Task prompt: Search the listing below for the word "poly" and return each line that contains it.

Study material:
+-------+
lemma support_shift:
  fixes s :: "'a::group_add \<Rightarrow> 'b::zero"
  shows "{x. s (x - b) \<noteq> 0} = (\<lambda>u. u + b) ` {u. s u \<noteq> 0}"
  by (auto simp: image_iff) (metis diff_add_cancel)

lemma finite_support_shift:
  fixes s :: "'a::group_add \<Rightarrow> 'b::zero"
  shows "finite {x. s x \<noteq> 0} \<Longrightarrow> finite {x. s (x - b) \<noteq> 0}"
  by (simp add: support_shift)

definition xpow :: "int ^ 'n \<Rightarrow> int ^ 'n \<Rightarrow> complex poly" where
  "xpow u = (\<lambda>v. if v = u then 1 else 0)"

lemma support_xpow [simp]: "{v. xpow u v \<noteq> 0} = {u}"
  by (auto simp: xpow_def)

lemma pairing_eq_sum_superset:
  assumes "module act" and "finite F" and "{u. s u \<noteq> 0} \<subseteq> F"
  shows "pairing act xi s = (\<Sum>u\<in>F. act (s u) (xi u))"
proof -
  interpret module act by fact
  show ?thesis
    unfolding pairing_def by (rule sum.mono_neutral_left) (use assms in auto)
qed

lemma pairing_zero_right: "pairing act xi (\<lambda>v. 0) = 0"
  unfolding pairing_def by simp

lemma pairing_cong:
  "(\<And>u. s u \<noteq> 0 \<Longrightarrow> xi u = eta u) \<Longrightarrow> pairing act xi s = pairing act eta s"
  unfolding pairing_def by (rule sum.cong) auto

lemma pairing_shift_right:
  "pairing act xi (\<lambda>v. s (v - b)) = pairing act (\<lambda>u. xi (u + b)) s"
  unfolding pairing_def support_shift by (simp add: sum.reindex inj_on_def)

context
  fixes act :: "complex poly \<Rightarrow> 'f::ab_group_add \<Rightarrow> 'f"
  assumes act: "module act"
begin

interpretation module act by (rule act)

lemma pairing_add_left:
  "pairing act (\<lambda>u. xi u + eta u) s = pairing act xi s + pairing act eta s"
  unfolding pairing_def by (simp add: scale_right_distrib sum.distrib)

lemma pairing_diff_left:
  "pairing act (\<lambda>u. xi u - eta u) s = pairing act xi s - pairing act eta s"
  unfolding pairing_def by (simp add: scale_right_diff_distrib sum_subtractf)

lemma pairing_sum_left:
  "pairing act (\<lambda>u. \<Sum>j\<in>J. xi j u) s = (\<Sum>j\<in>J. pairing act (xi j) s)"
  unfolding pairing_def by (simp add: scale_sum_right sum.swap[of _ J])

lemma pairing_scale_left:
  "pairing act (\<lambda>u. act g (xi u)) s = act g (pairing act xi s)"
  unfolding pairing_def by (simp add: scale_sum_right mult.commute)

lemma pairing_xpow: "pairing act xi (xpow u) = xi u"
  unfolding pairing_def by (simp add: xpow_def)

lemma pairing_minus_left: "pairing act (\<lambda>u. - xi u) s = - pairing act xi s"
  unfolding pairing_def by (simp add: sum_negf)

lemma pairing_zero_left: "pairing act (\<lambda>u. 0) s = 0"
  unfolding pairing_def by simp

lemma pairing_add_right:
  assumes "finite {u. s u \<noteq> 0}" and "finite {u. t u \<noteq> 0}"
  shows "pairing act xi (\<lambda>v. s v + t v) = pairing act xi s + pairing act xi t"
proof -
  let ?F = "{u. s u \<noteq> 0} \<union> {u. t u \<noteq> 0}"
  have fin: "finite ?F" using assms by simp
  have "pairing act xi (\<lambda>v. s v + t v) = (\<Sum>u\<in>?F. act (s u + t u) (xi u))"
    by (rule pairing_eq_sum_superset[OF act fin]) auto
  then show ?thesis
    by (simp add: pairing_eq_sum_superset[OF act fin] scale_left_distrib sum.distrib)
qed

lemma pairing_diff_right:
  assumes "finite {u. s u \<noteq> 0}" and "finite {u. t u \<noteq> 0}"
  shows "pairing act xi (\<lambda>v. s v - t v) = pairing act xi s - pairing act xi t"
proof -
  let ?F = "{u. s u \<noteq> 0} \<union> {u. t u \<noteq> 0}"
  have fin: "finite ?F" using assms by simp
  have "pairing act xi (\<lambda>v. s v - t v) = (\<Sum>u\<in>?F. act (s u - t u) (xi u))"
    by (rule pairing_eq_sum_superset[OF act fin]) auto
  then show ?thesis
    by (simp add: pairing_eq_sum_superset[OF act fin] scale_left_diff_distrib sum_subtractf)
qed

lemma pairing_sum_right:
  assumes "finite J" and "\<forall>j\<in>J. finite {u. s j u \<noteq> 0}"
  shows "pairing act xi (\<lambda>v. \<Sum>j\<in>J. s j v) = (\<Sum>j\<in>J. pairing act xi (s j))"
  using assms
proof (induction J rule: finite_induct)
  case empty
  then show ?case by (simp add: pairing_zero_right)
next
  case (insert j J)
  then show ?case
    by (simp add: pairing_add_right finite_support_sum)
qed

lemma pairing_mult_right:
  assumes "finite {u. s u \<noteq> 0}"
  shows "pairing act xi (\<lambda>v. c v * s v) = pairing act (\<lambda>u. act (c u) (xi u)) s"
proof -
  have "pairing act xi (\<lambda>v. c v * s v) = (\<Sum>u\<in>{u. s u \<noteq> 0}. act (c u * s u) (xi u))"
    by (rule pairing_eq_sum_superset[OF act assms]) auto
  then show ?thesis by (simp add: pairing_def mult.commute)
qed

lemma pairing_mult_shift_right:
  assumes "finite {u. s u \<noteq> 0}"
  shows "pairing act xi (\<lambda>v. c * s (v - b)) = pairing act (\<lambda>u. act c (xi (u + b))) s"
proof -
  have "pairing act xi (\<lambda>v. c * s (v - b)) = pairing act (\<lambda>u. act c (xi u)) (\<lambda>v. s (v - b))"
    by (rule pairing_mult_right[where c = "\<lambda>_. c"]) (rule finite_support_shift[OF assms])
  also have "\<dots> = pairing act (\<lambda>u. act c (xi (u + b))) s"
    by (rule pairing_shift_right)
  finally show ?thesis .
qed

lemma pairing_Dop:
  assumes "finite {u. s u \<noteq> 0}"
  shows "pairing act xi (Dop m a l i s) = pairing act (Dstar m a l act i xi) s"
proof -
  let ?c = "\<lambda>j. of_int (int (l j) * (a j $ i)) :: complex poly"
  have shifted: "finite {v. s (v - b) \<noteq> 0}" for b
    by (rule finite_support_shift[OF assms])
  have "pairing act xi (Dop m a l i s)
      = pairing act xi (\<lambda>v. of_int (v $ i) * s v)
        + (\<Sum>j\<in>{1..m}. pairing act xi (\<lambda>v. ?c j * s (v - a j)))
        - pairing act xi (\<lambda>v. (?c 0 * lam) * s (v - a 0))"
    unfolding Dop_def using assms shifted
    by (simp add: pairing_diff_right pairing_add_right pairing_sum_right
        finite_support_add finite_support_sum finite_support_mult)
  also have "\<dots> = pairing act (\<lambda>u. act (of_int (u $ i)) (xi u)) s
        + (\<Sum>j\<in>{1..m}. pairing act (\<lambda>u. act (?c j) (xi (u + a j))) s)
        - pairing act (\<lambda>u. act (?c 0 * lam) (xi (u + a 0))) s"
    using assms by (simp add: pairing_mult_right pairing_mult_shift_right)
  also have "\<dots> = pairing act (Dstar m a l act i xi) s"
    unfolding Dstar_def by (simp add: pairing_add_left pairing_diff_left pairing_sum_left)
  finally show ?thesis .
qed

lemma pairing_Dlam:
  assumes "finite {u. s u \<noteq> 0}"
  shows "pairing act xi (Dlam a l s)
    = pairing act xi (\<lambda>v. pderiv (s v)) - pairing act (\<lambda>u. act (of_nat (l 0)) (xi (u + a 0))) s"
  unfolding Dlam_def using assms
  by (simp add: pairing_diff_right pairing_mult_shift_right finite_support_comp
      finite_support_mult finite_support_shift)

end

lemma pairing_Leibniz:
  assumes "left_D_module act P" and fin: "finite {u. s u \<noteq> 0}"
  shows "P (pairing act xi s) = pairing act xi (\<lambda>v. pderiv (s v)) + pairing act (\<lambda>u. P (xi u)) s"
proof -
  have act: "module act" and "Modules.additive P"
    and Leibniz: "\<And>g x. P (act g x) = act (pderiv g) x + act g (P x)"
    using assms(1) unfolding left_D_module_def Modules.additive_def by auto
  interpret P: Modules.additive P by fact
  have "pairing act xi (\<lambda>v. pderiv (s v)) = (\<Sum>u\<in>{u. s u \<noteq> 0}. act (pderiv (s u)) (xi u))"
    by (rule pairing_eq_sum_superset[OF act fin]) auto
  moreover have "P (pairing act xi s)
      = (\<Sum>u\<in>{u. s u \<noteq> 0}. act (pderiv (s u)) (xi u)) + pairing act (\<lambda>u. P (xi u)) s"
    unfolding pairing_def by (simp add: P.sum Leibniz sum.distrib)
  ultimately show ?thesis by simp
qed

lemma SA_add: "s \<in> SA m a \<Longrightarrow> t \<in> SA m a \<Longrightarrow> (\<lambda>v. s v + t v) \<in> SA m a"
  unfolding SA_def by (auto intro: finite_support_add) (metis add.left_neutral)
+-------+
Exercise answer:
definition xpow :: "int ^ 'n \<Rightarrow> int ^ 'n \<Rightarrow> complex poly" where
  fixes act :: "complex poly \<Rightarrow> 'f::ab_group_add \<Rightarrow> 'f"
  let ?c = "\<lambda>j. of_int (int (l j) * (a j $ i)) :: complex poly"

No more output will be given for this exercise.